EXERCISE: The entries should be written out again exactly as they read.

============================================================

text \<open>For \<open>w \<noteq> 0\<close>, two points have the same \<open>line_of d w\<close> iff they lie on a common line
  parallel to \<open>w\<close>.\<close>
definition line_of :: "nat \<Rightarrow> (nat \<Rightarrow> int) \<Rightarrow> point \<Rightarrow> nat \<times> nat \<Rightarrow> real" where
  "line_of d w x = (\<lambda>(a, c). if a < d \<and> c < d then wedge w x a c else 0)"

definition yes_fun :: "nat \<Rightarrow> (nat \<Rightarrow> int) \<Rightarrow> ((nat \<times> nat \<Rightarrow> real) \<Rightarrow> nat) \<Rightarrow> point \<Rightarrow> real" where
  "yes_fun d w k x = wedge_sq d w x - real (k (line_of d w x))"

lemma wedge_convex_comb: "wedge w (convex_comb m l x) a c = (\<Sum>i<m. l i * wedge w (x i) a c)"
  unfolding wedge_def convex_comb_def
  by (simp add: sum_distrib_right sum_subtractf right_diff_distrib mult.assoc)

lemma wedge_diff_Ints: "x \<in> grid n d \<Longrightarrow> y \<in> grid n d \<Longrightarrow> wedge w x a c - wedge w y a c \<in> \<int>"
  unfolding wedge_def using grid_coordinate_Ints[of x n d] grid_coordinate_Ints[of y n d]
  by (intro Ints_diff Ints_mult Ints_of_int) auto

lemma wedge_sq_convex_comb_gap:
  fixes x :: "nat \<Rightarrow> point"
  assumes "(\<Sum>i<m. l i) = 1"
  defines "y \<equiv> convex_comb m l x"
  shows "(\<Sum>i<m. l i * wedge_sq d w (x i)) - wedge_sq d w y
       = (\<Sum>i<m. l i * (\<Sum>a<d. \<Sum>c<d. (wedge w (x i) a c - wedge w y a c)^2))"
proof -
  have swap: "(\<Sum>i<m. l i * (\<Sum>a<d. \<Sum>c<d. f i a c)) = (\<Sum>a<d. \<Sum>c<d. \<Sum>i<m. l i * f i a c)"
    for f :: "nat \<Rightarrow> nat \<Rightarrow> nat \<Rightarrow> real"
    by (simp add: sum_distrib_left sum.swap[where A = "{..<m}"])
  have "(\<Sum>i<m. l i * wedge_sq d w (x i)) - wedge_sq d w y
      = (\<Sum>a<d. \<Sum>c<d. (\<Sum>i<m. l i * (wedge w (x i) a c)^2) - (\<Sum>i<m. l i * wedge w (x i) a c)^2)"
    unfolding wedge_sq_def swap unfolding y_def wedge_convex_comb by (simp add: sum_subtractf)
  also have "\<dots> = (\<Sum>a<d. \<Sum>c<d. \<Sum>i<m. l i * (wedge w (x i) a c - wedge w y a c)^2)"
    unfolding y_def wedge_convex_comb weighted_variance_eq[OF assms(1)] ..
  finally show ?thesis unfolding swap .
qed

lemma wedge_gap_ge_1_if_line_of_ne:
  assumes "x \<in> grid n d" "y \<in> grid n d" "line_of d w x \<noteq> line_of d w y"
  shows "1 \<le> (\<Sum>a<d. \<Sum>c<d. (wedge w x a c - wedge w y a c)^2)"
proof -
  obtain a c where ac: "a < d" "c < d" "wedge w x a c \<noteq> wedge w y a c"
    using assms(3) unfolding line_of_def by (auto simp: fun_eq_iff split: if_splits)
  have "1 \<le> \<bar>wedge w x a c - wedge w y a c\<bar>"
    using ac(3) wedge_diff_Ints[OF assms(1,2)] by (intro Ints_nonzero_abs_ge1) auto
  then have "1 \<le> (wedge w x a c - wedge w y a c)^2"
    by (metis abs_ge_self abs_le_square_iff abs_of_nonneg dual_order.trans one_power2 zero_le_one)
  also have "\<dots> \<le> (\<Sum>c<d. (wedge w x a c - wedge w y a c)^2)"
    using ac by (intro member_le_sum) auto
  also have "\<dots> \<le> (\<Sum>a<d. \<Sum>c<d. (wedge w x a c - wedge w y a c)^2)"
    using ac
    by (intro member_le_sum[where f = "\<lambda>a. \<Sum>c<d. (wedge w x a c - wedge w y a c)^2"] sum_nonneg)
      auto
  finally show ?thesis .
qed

============================================================

COMPLETED TASK:
text \<open>For \<open>w \<noteq> 0\<close>, two points have the same \<open>line_of d w\<close> iff they lie on a common line
  parallel to \<open>w\<close>.\<close>
definition line_of :: "nat \<Rightarrow> (nat \<Rightarrow> int) \<Rightarrow> point \<Rightarrow> nat \<times> nat \<Rightarrow> real" where
  "line_of d w x = (\<lambda>(a, c). if a < d \<and> c < d then wedge w x a c else 0)"

definition yes_fun :: "nat \<Rightarrow> (nat \<Rightarrow> int) \<Rightarrow> ((nat \<times> nat \<Rightarrow> real) \<Rightarrow> nat) \<Rightarrow> point \<Rightarrow> real" where
  "yes_fun d w k x = wedge_sq d w x - real (k (line_of d w x))"

lemma wedge_convex_comb: "wedge w (convex_comb m l x) a c = (\<Sum>i<m. l i * wedge w (x i) a c)"
  unfolding wedge_def convex_comb_def
  by (simp add: sum_distrib_right sum_subtractf right_diff_distrib mult.assoc)

lemma wedge_diff_Ints: "x \<in> grid n d \<Longrightarrow> y \<in> grid n d \<Longrightarrow> wedge w x a c - wedge w y a c \<in> \<int>"
  unfolding wedge_def using grid_coordinate_Ints[of x n d] grid_coordinate_Ints[of y n d]
  by (intro Ints_diff Ints_mult Ints_of_int) auto

lemma wedge_sq_convex_comb_gap:
  fixes x :: "nat \<Rightarrow> point"
  assumes "(\<Sum>i<m. l i) = 1"
  defines "y \<equiv> convex_comb m l x"
  shows "(\<Sum>i<m. l i * wedge_sq d w (x i)) - wedge_sq d w y
       = (\<Sum>i<m. l i * (\<Sum>a<d. \<Sum>c<d. (wedge w (x i) a c - wedge w y a c)^2))"
proof -
  have swap: "(\<Sum>i<m. l i * (\<Sum>a<d. \<Sum>c<d. f i a c)) = (\<Sum>a<d. \<Sum>c<d. \<Sum>i<m. l i * f i a c)"
    for f :: "nat \<Rightarrow> nat \<Rightarrow> nat \<Rightarrow> real"
    by (simp add: sum_distrib_left sum.swap[where A = "{..<m}"])
  have "(\<Sum>i<m. l i * wedge_sq d w (x i)) - wedge_sq d w y
      = (\<Sum>a<d. \<Sum>c<d. (\<Sum>i<m. l i * (wedge w (x i) a c)^2) - (\<Sum>i<m. l i * wedge w (x i) a c)^2)"
    unfolding wedge_sq_def swap unfolding y_def wedge_convex_comb by (simp add: sum_subtractf)
  also have "\<dots> = (\<Sum>a<d. \<Sum>c<d. \<Sum>i<m. l i * (wedge w (x i) a c - wedge w y a c)^2)"
    unfolding y_def wedge_convex_comb weighted_variance_eq[OF assms(1)] ..
  finally show ?thesis unfolding swap .
qed

lemma wedge_gap_ge_1_if_line_of_ne:
  assumes "x \<in> grid n d" "y \<in> grid n d" "line_of d w x \<noteq> line_of d w y"
  shows "1 \<le> (\<Sum>a<d. \<Sum>c<d. (wedge w x a c - wedge w y a c)^2)"
proof -
  obtain a c where ac: "a < d" "c < d" "wedge w x a c \<noteq> wedge w y a c"
    using assms(3) unfolding line_of_def by (auto simp: fun_eq_iff split: if_splits)
  have "1 \<le> \<bar>wedge w x a c - wedge w y a c\<bar>"
    using ac(3) wedge_diff_Ints[OF assms(1,2)] by (intro Ints_nonzero_abs_ge1) auto
  then have "1 \<le> (wedge w x a c - wedge w y a c)^2"
    by (metis abs_ge_self abs_le_square_iff abs_of_nonneg dual_order.trans one_power2 zero_le_one)
  also have "\<dots> \<le> (\<Sum>c<d. (wedge w x a c - wedge w y a c)^2)"
    using ac by (intro member_le_sum) auto
  also have "\<dots> \<le> (\<Sum>a<d. \<Sum>c<d. (wedge w x a c - wedge w y a c)^2)"
    using ac
    by (intro member_le_sum[where f = "\<lambda>a. \<Sum>c<d. (wedge w x a c - wedge w y a c)^2"] sum_nonneg)
      auto
  finally show ?thesis .
qed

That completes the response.